“There are, of course, many forms of bad faith in politics, and we should not encourage political (or other) beliefs in willful disregard of reason. But we cannot kick away faith itself as a motivational tool, as politics is of necessity built on some kind of faith. The lack — and, indeed, the sometimes conscious rejection — of the notion of faith, as is common in secular rationalism, is one of the most troubling features of the contemporary world.” (My emphasis)
This is in the context of his arguing that our decision-making tends to give insufficient weight to future impacts. Cowen casts concern about the future as a kind of faith. But what does that word really mean?

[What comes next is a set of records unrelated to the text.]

lemma minimizer_residual_sum_le:
  assumes minimizer: "is_minimizer y lam j1 j2 a b \<theta>" and "0 \<le> lam"
    and "j1 \<le> p" "p \<le> q" "q \<le> j2"
    and above: "\<forall>j\<in>{p..q}. m \<le> \<theta> j"
    and left: "j1 < p \<Longrightarrow> \<theta> (p - 1) < m"
    and right: "q < j2 \<Longrightarrow> \<theta> (q + 1) < m"
  shows "(\<Sum>j=p..q. \<theta> j - y j) \<le> - 2 * lam * CIJ {p..q} j1 j2"
proof -
  define r where "r = (\<Sum>j=p..q. \<theta> j - y j) + 2 * lam * CIJ {p..q} j1 j2"
  define \<delta> where "\<delta> = min (if j1 < p then m - \<theta> (p - 1) else 1) (if q < j2 then m - \<theta> (q + 1) else 1)"
  have "0 < \<delta>"
    using left right by (simp add: \<delta>_def)
  moreover have "r \<le> \<epsilon> * (card {p..q} / 2)" if "0 < \<epsilon>" "\<epsilon> \<le> \<delta>" for \<epsilon>
  proof -
    have "m \<le> \<theta> p" "m \<le> \<theta> q"
      using above \<open>p \<le> q\<close> by auto
    then have "j1 < p \<Longrightarrow> \<theta> (p - 1) + \<epsilon> \<le> \<theta> p" "q < j2 \<Longrightarrow> \<theta> (q + 1) + \<epsilon> \<le> \<theta> q"
      using \<open>\<epsilon> \<le> \<delta>\<close> by (auto simp: \<delta>_def)
    with assms(2-5) \<open>0 < \<epsilon>\<close> have "Lfun y lam j1 j2 a b (lower_on {p..q} \<epsilon> \<theta>)
        \<le> Lfun y lam j1 j2 a b \<theta> - \<epsilon> * r + \<epsilon>^2 * card {p..q} / 2"
      unfolding r_def by (intro Lfun_lower_on) auto
    moreover have "Lfun y lam j1 j2 a b \<theta> \<le> Lfun y lam j1 j2 a b (lower_on {p..q} \<epsilon> \<theta>)"
      using minimizer by (simp add: is_minimizer_def)
    ultimately have "\<epsilon> * r \<le> \<epsilon> * (\<epsilon> * (card {p..q} / 2))"
      by (simp add: power2_eq_square)
    with \<open>0 < \<epsilon>\<close> show ?thesis
      by simp
  qed
  ultimately have "r \<le> 0"
    by (rule nonpos_if_le_vanishing_multiples)
  then show ?thesis
    by (simp add: r_def)
qed

lemma run_left_end:
  fixes j1 i :: nat
  assumes "j1 \<le> i" "P i"
  shows "\<exists>p. j1 \<le> p \<and> p \<le> i \<and> (\<forall>j\<in>{p..i}. P j) \<and> (j1 < p \<longrightarrow> \<not> P (p - 1))"
  using assms
proof (induction i rule: dec_induct)
  case base
  then show ?case by auto
next
  case (step n)
  show ?case
  proof (cases "P n")
    case True
    with step.IH obtain p where "j1 \<le> p" "p \<le> n" "\<forall>j\<in>{p..n}. P j" "j1 < p \<longrightarrow> \<not> P (p - 1)"
      by blast
    with step.prems show ?thesis
      by (intro exI[of _ p]) (auto simp: le_Suc_eq)
  next
    case False
    with step show ?thesis
      by (intro exI[of _ "Suc n"]) auto
  qed
qed

lemma run_right_end:
  fixes i j2 :: nat
  assumes "i \<le> j2" "P i"
  shows "\<exists>q. i \<le> q \<and> q \<le> j2 \<and> (\<forall>j\<in>{i..q}. P j) \<and> (q < j2 \<longrightarrow> \<not> P (q + 1))"
  using assms
proof (induction i rule: inc_induct)
  case base
  then show ?case by auto
next
  case (step n)
  show ?case
  proof (cases "P (Suc n)")
    case True
    with step.IH obtain q where "Suc n \<le> q" "q \<le> j2" "\<forall>j\<in>{Suc n..q}. P j" "q < j2 \<longrightarrow> \<not> P (q + 1)"
      by blast
    with step.prems show ?thesis
      by (intro exI[of _ q]) (auto simp: Suc_le_eq le_less)
  next
    case False
    with step show ?thesis
      by (intro exI[of _ n]) auto
  qed
qed

lemma maximal_run_around:
  fixes j1 i j2 :: nat
  assumes "j1 \<le> i" "i \<le> j2" "P i"
  obtains p q where "j1 \<le> p" "p \<le> i" "i \<le> q" "q \<le> j2" "\<forall>j\<in>{p..q}. P j"
    "j1 < p \<Longrightarrow> \<not> P (p - 1)" "q < j2 \<Longrightarrow> \<not> P (q + 1)"
proof -
  obtain p where "j1 \<le> p" "p \<le> i" "\<forall>j\<in>{p..i}. P j" "j1 < p \<longrightarrow> \<not> P (p - 1)"
    using run_left_end[of j1 i P] assms by blast
  moreover obtain q where "i \<le> q" "q \<le> j2" "\<forall>j\<in>{i..q}. P j" "q < j2 \<longrightarrow> \<not> P (q + 1)"
    using run_right_end[of i j2 P] assms by blast
  moreover have "{p..q} \<subseteq> {p..i} \<union> {i..q}"
    by auto
  ultimately show ?thesis
    using that by blast
qed

lemma le_avg_if_residual_sum_le:
  assumes "finite I" "I \<noteq> {}" "\<forall>j\<in>I. m \<le> \<theta> j" "(\<Sum>j\<in>I. \<theta> j - y j) \<le> c"
  shows "m \<le> avg y I + c / card I"
proof -
  have "card I * m \<le> (\<Sum>j\<in>I. \<theta> j)"
    using sum_mono[of I "\<lambda>_. m" \<theta>] assms(3) by simp
  also have "\<dots> \<le> (\<Sum>j\<in>I. y j) + c"
    using assms(4) by (simp add: sum_subtractf)
  finally have "m \<le> ((\<Sum>j\<in>I. y j) + c) / card I"
    using assms(1,2) by (simp add: pos_le_divide_eq card_gt_0_iff mult.commute)
  then show ?thesis
    by (simp add: avg_def add_divide_distrib)
qed

theorem lemma4:
  fixes y :: "nat \<Rightarrow> real" and n :: nat and lam :: real and i j1 j2 :: nat
  assumes "lam \<ge> 0"
    and "1 \<le> j1" and "j1 \<le> j2" and "j2 \<le> n"
    and "i \<in> {j1..j2}"
  shows "\<forall>a b \<theta>. is_minimizer y lam j1 j2 a b \<theta> \<longrightarrow>
           \<theta> i \<le> Max {avg y I - 2 * lam * CIJ I j1 j2 / real (card I) | I.
                         \<exists>p q. I = {p..q} \<and> I \<subseteq> {j1..j2} \<and> i \<in> I}"
proof (intro allI impI)
  fix a b \<theta>
  assume minimizer: "is_minimizer y lam j1 j2 a b \<theta>"
  let ?bound = "\<lambda>I. avg y I - 2 * lam * CIJ I j1 j2 / real (card I)"
  let ?S = "{?bound I | I. \<exists>p q. I = {p..q} \<and> I \<subseteq> {j1..j2} \<and> i \<in> I}"
  obtain p q where pq: "j1 \<le> p" "p \<le> i" "i \<le> q" "q \<le> j2"
    and above: "\<forall>j\<in>{p..q}. \<theta> i \<le> \<theta> j"
    and "j1 < p \<Longrightarrow> \<theta> (p - 1) < \<theta> i" "q < j2 \<Longrightarrow> \<theta> (q + 1) < \<theta> i"
    using maximal_run_around[of j1 i j2 "\<lambda>j. \<theta> i \<le> \<theta> j"] assms(5) by (auto simp: not_le)
  then have "(\<Sum>j=p..q. \<theta> j - y j) \<le> - 2 * lam * CIJ {p..q} j1 j2"
    using minimizer assms(1) by (intro minimizer_residual_sum_le) auto
  with above pq have "\<theta> i \<le> ?bound {p..q}"
    using le_avg_if_residual_sum_le[of "{p..q}" "\<theta> i" \<theta> y "- 2 * lam * CIJ {p..q} j1 j2"]
    by simp
  also have "\<dots> \<le> Max ?S"
  proof (rule Max_ge)
    show "finite ?S"
      by (rule finite_subset[of _ "?bound ` Pow {j1..j2}"]) blast+
    show "?bound {p..q} \<in> ?S"
      using pq by (intro CollectI exI[of _ "{p..q}"] conjI refl exI[of _ p] exI[of _ q]) auto
  qed
  finally show "\<theta> i \<le> Max ?S" .
qed

end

Actually, we use the word in two really different ways. One is a synonym for religious belief — with the connotation of Twain’s quip — belief without evidence or even in defiance of evidence. In this sense faith does contrast against reason.
But the word’s other sense, contrariwise, has a strong rational element. As in faith that the Sun will rise tomorrow. Or an airplane will (with a high probability) land safely. Such faith is predicated on factual reality and reason.
There’s much confusion between these two distinct meanings. As when religionists assert that secular humanism, or atheism, is just another “faith,” standing no differently from their own. This is Cowen’s mistake too.
Labeling this a “faith in reason” is another similar confusion. Reason itself, too, is often called just another thing people believe in, again no different really from religious faith. We even hear the words “irrational faith in reason.” But (as Steven Pinker points out in Enlightenment Now) any such arguments actually validate the concept of reason, because all arguments are appeals to reason. That’s how reason differs from faith. Reason is subject to argument; faith is not. (I’ve also heard Pinker remark, “I don’t believe in anything you have to believe in.”)
Getting back to Cowen, he’s wrong to deem secular rationalism’s rejection of “faith” a bad thing. The faith it rejects is Twainian faith that sets itself apart from reason, if not in opposition to it. Whereas it’s our use of reason that has produced all the progress humanity has ever achieved. Indulgence in “faith” outside of reason has only ever held us back. Insofar as secular rationalism can defeat that kind of faith, it’s all to our good.